The energy company’s key automation projects include implementing an advanced distribution management system to create a self-healing grid infrastructure with enhanced visibility and scalability to improve the customer experience. They are also implementing a cloud-based and analytics solution that will provide what Tandon calls a single source of truth and drive self-service analytics and data-driven decision-making to help them operate more efficiently.
“The estimated readings for our customers were 2.2% three years ago, but now we have reduced them to 0.3%,” he says. “The entire mechanism was automated so all readings were downloaded optically without any manual intervention. This initiative not only ensured the accuracy of our system and boosted Return on Equity (RoE), but also improved transparency and reduced customer complaints.”
And in the pharmaceutical segment at Cardinal Health, a key goal is also to increase its efforts in warehouse automation to better serve its customers, Boggs says.
“In IT, we will continue to prioritize infrastructure such as code, continuous integration and deployment, and AI operations,” he says.
The University of Phoenix also has several new automation projects in the works.

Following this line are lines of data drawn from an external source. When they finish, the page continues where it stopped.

(* Let $\gamma$ be a generator of $\mathbb{F}_{q^m}^*$ and let $\beta_1,\dots,\beta_m\in\mathbb{F}_{q^m}$ be linearly independent over $\mathbb{F}_q$. Let $n=(q-1)m$ and $1\le k\le n$. For $\ell\in\{0,1,\dots,q-2\}$ let $M_\ell$ be the $k\times m$ matrix over $\mathbb{F}_{q^m}$ with $(i,j)$ entry $\gamma^{\ell(1+q+\cdots+q^{i-1})}\beta_j^{q^i}$ for $i=0,\dots,k-1$, $j=1,\dots,m$ (row $i=0$ is $(\beta_1,\dots,\beta_m)$), and let $M=[M_0\,|\,M_1\,|\,\cdots\,|\,M_{q-2}]$ be the $k\times n$ matrix. Then for every nonzero $\lambda\in\mathbb{F}_{q^m}^k$, $\sum_{\ell=0}^{q-2}\mathrm{rk}_{\mathbb{F}_q}(\lambda^T M_\ell)\ge n-k+1$; i.e., $M$ generates a maximum sum-rank distance code with respect to the partition of $[n]$ into the $q-1$ blocks of size $m$ corresponding to $M_0,\dots,M_{q-2}$.
   Context: Fix a basis of $\mathbb{F}_{q^m}$ over $\mathbb{F}_q$. For a row vector $z=(z_1,\dots,z_m)\in\mathbb{F}_{q^m}^m$, $\mathrm{rk}_{\mathbb{F}_q}(z)$ denotes the rank over $\mathbb{F}_q$ of the $m\times m$ matrix over $\mathbb{F}_q$ whose $j$-th column is the coordinate vector of $z_j$ in the fixed basis (this does not depend on the basis). *)

theory Defs
  imports "Jordan_Normal_Form.DL_Rank" "HOL-Library.Cardinality"
begin

text \<open>The base field F_q is a finite field type 'f; the extension field F_{q^m}
  is a finite field type 'k, and emb is an injective field homomorphism 'f to 'k.\<close>

definition field_emb :: "('f::field \<Rightarrow> 'k::field) \<Rightarrow> bool" where
  "field_emb emb \<longleftrightarrow> inj emb \<and> emb 0 = 0 \<and> emb 1 = 1 \<and>
     (\<forall>x y. emb (x + y) = emb x + emb y) \<and> (\<forall>x y. emb (x * y) = emb x * emb y)"

definition lin_indep_Fq :: "('f::field \<Rightarrow> 'k::field) \<Rightarrow> nat \<Rightarrow> (nat \<Rightarrow> 'k) \<Rightarrow> bool" where
  "lin_indep_Fq emb m b \<longleftrightarrow>
     (\<forall>c :: nat \<Rightarrow> 'f. (\<Sum>j<m. emb (c j) * b j) = 0 \<longrightarrow> (\<forall>j<m. c j = 0))"

definition is_basis_Fq :: "('f::field \<Rightarrow> 'k::field) \<Rightarrow> nat \<Rightarrow> (nat \<Rightarrow> 'k) \<Rightarrow> bool" where
  "is_basis_Fq emb m b \<longleftrightarrow> lin_indep_Fq emb m b \<and>
     (\<forall>x. \<exists>c :: nat \<Rightarrow> 'f. x = (\<Sum>j<m. emb (c j) * b j))"

definition coord :: "('f::field \<Rightarrow> 'k::field) \<Rightarrow> nat \<Rightarrow> (nat \<Rightarrow> 'k) \<Rightarrow> 'k \<Rightarrow> 'f vec" where
  "coord emb m b x = (THE v. v \<in> carrier_vec m \<and> x = (\<Sum>t<m. emb (v $ t) * b t))"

The institution is currently developing an enterprise platform that will enable increased use of ML and automation across a wide range of student and staff journeys, Smith says.
“This engine will be deeply integrated into our data lake to enable truly individualized student support at the right time, through the best channel,” he adds.
The university also plans to continue to improve student support by continuing to automate increasingly complex tasks in matriculation, transcript processing and student financial aid.
“Recent advances in the ability to consume unstructured documents and natural language processing are enabling a new set of complex tasks to become candidates for automation,” says Smith.
His team is creating platforms and systems by which they can effectively scale and drive automation safely and reliably. After all, he says, there’s nothing less effective than automating a process that shouldn’t exist. Automation combined with AI should significantly help businesses make faster decisions, optimize business processes and drive higher efficiency rates, says Elumalai. “It has the potential to improve business KPIs through auto-discovery, auto-healing solutions and creating new channels to improve the end-user experience,” he says.